(Dataset entries)
- - -
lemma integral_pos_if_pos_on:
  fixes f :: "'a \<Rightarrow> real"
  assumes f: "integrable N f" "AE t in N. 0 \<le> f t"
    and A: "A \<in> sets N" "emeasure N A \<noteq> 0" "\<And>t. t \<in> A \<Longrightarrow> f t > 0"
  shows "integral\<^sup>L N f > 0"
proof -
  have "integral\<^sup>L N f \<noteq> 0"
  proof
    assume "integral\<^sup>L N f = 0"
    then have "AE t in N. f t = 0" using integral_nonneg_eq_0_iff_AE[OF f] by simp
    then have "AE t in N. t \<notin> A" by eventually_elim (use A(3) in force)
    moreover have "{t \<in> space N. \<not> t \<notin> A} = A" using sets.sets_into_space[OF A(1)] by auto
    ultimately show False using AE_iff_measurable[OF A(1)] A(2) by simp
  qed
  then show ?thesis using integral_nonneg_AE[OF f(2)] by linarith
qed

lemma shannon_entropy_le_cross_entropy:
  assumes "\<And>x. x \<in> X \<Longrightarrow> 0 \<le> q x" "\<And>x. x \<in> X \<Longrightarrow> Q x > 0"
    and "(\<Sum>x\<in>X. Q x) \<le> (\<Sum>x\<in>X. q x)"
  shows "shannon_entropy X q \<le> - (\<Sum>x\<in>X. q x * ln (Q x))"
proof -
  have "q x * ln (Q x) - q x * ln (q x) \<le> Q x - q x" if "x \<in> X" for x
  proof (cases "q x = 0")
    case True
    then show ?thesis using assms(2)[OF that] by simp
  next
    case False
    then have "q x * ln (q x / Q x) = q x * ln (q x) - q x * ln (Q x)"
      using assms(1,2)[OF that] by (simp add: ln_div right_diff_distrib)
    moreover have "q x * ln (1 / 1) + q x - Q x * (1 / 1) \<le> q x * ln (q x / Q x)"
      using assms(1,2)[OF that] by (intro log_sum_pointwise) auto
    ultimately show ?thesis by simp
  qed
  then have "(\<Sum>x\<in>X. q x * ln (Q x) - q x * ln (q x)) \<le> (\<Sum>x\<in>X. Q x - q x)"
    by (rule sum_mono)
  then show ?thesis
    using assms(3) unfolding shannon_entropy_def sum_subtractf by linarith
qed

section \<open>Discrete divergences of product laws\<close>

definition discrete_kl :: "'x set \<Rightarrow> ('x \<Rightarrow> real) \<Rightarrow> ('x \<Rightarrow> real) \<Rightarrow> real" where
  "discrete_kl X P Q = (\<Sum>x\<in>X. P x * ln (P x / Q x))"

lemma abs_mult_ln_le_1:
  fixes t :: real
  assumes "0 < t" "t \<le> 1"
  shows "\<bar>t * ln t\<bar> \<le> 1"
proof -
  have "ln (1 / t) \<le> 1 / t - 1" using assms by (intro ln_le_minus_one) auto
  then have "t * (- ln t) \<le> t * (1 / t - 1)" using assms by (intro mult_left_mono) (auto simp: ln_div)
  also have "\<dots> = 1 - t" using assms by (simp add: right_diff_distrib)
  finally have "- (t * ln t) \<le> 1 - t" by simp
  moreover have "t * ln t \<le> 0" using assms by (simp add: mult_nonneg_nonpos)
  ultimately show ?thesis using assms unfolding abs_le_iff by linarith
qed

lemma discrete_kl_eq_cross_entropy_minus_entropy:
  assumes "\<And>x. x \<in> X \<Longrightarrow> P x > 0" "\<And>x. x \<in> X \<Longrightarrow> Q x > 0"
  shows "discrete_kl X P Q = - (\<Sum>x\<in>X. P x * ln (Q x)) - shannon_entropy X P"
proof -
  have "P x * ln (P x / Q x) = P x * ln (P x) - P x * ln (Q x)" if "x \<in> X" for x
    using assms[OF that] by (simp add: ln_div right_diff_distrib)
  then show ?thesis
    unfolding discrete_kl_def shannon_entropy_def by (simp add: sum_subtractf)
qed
- - -
EXERCISE GOAL – Return the entries above word for word.

RESULT –
lemma integral_pos_if_pos_on:
  fixes f :: "'a \<Rightarrow> real"
  assumes f: "integrable N f" "AE t in N. 0 \<le> f t"
    and A: "A \<in> sets N" "emeasure N A \<noteq> 0" "\<And>t. t \<in> A \<Longrightarrow> f t > 0"
  shows "integral\<^sup>L N f > 0"
proof -
  have "integral\<^sup>L N f \<noteq> 0"
  proof
    assume "integral\<^sup>L N f = 0"
    then have "AE t in N. f t = 0" using integral_nonneg_eq_0_iff_AE[OF f] by simp
    then have "AE t in N. t \<notin> A" by eventually_elim (use A(3) in force)
    moreover have "{t \<in> space N. \<not> t \<notin> A} = A" using sets.sets_into_space[OF A(1)] by auto
    ultimately show False using AE_iff_measurable[OF A(1)] A(2) by simp
  qed
  then show ?thesis using integral_nonneg_AE[OF f(2)] by linarith
qed

lemma shannon_entropy_le_cross_entropy:
  assumes "\<And>x. x \<in> X \<Longrightarrow> 0 \<le> q x" "\<And>x. x \<in> X \<Longrightarrow> Q x > 0"
    and "(\<Sum>x\<in>X. Q x) \<le> (\<Sum>x\<in>X. q x)"
  shows "shannon_entropy X q \<le> - (\<Sum>x\<in>X. q x * ln (Q x))"
proof -
  have "q x * ln (Q x) - q x * ln (q x) \<le> Q x - q x" if "x \<in> X" for x
  proof (cases "q x = 0")
    case True
    then show ?thesis using assms(2)[OF that] by simp
  next
    case False
    then have "q x * ln (q x / Q x) = q x * ln (q x) - q x * ln (Q x)"
      using assms(1,2)[OF that] by (simp add: ln_div right_diff_distrib)
    moreover have "q x * ln (1 / 1) + q x - Q x * (1 / 1) \<le> q x * ln (q x / Q x)"
      using assms(1,2)[OF that] by (intro log_sum_pointwise) auto
    ultimately show ?thesis by simp
  qed
  then have "(\<Sum>x\<in>X. q x * ln (Q x) - q x * ln (q x)) \<le> (\<Sum>x\<in>X. Q x - q x)"
    by (rule sum_mono)
  then show ?thesis
    using assms(3) unfolding shannon_entropy_def sum_subtractf by linarith
qed

section \<open>Discrete divergences of product laws\<close>

definition discrete_kl :: "'x set \<Rightarrow> ('x \<Rightarrow> real) \<Rightarrow> ('x \<Rightarrow> real) \<Rightarrow> real" where
  "discrete_kl X P Q = (\<Sum>x\<in>X. P x * ln (P x / Q x))"

lemma abs_mult_ln_le_1:
  fixes t :: real
  assumes "0 < t" "t \<le> 1"
  shows "\<bar>t * ln t\<bar> \<le> 1"
proof -
  have "ln (1 / t) \<le> 1 / t - 1" using assms by (intro ln_le_minus_one) auto
  then have "t * (- ln t) \<le> t * (1 / t - 1)" using assms by (intro mult_left_mono) (auto simp: ln_div)
  also have "\<dots> = 1 - t" using assms by (simp add: right_diff_distrib)
  finally have "- (t * ln t) \<le> 1 - t" by simp
  moreover have "t * ln t \<le> 0" using assms by (simp add: mult_nonneg_nonpos)
  ultimately show ?thesis using assms unfolding abs_le_iff by linarith
qed

lemma discrete_kl_eq_cross_entropy_minus_entropy:
  assumes "\<And>x. x \<in> X \<Longrightarrow> P x > 0" "\<And>x. x \<in> X \<Longrightarrow> Q x > 0"
  shows "discrete_kl X P Q = - (\<Sum>x\<in>X. P x * ln (Q x)) - shannon_entropy X P"
proof -
  have "P x * ln (P x / Q x) = P x * ln (P x) - P x * ln (Q x)" if "x \<in> X" for x
    using assms[OF that] by (simp add: ln_div right_diff_distrib)
  then show ?thesis
    unfolding discrete_kl_def shannon_entropy_def by (simp add: sum_subtractf)
qed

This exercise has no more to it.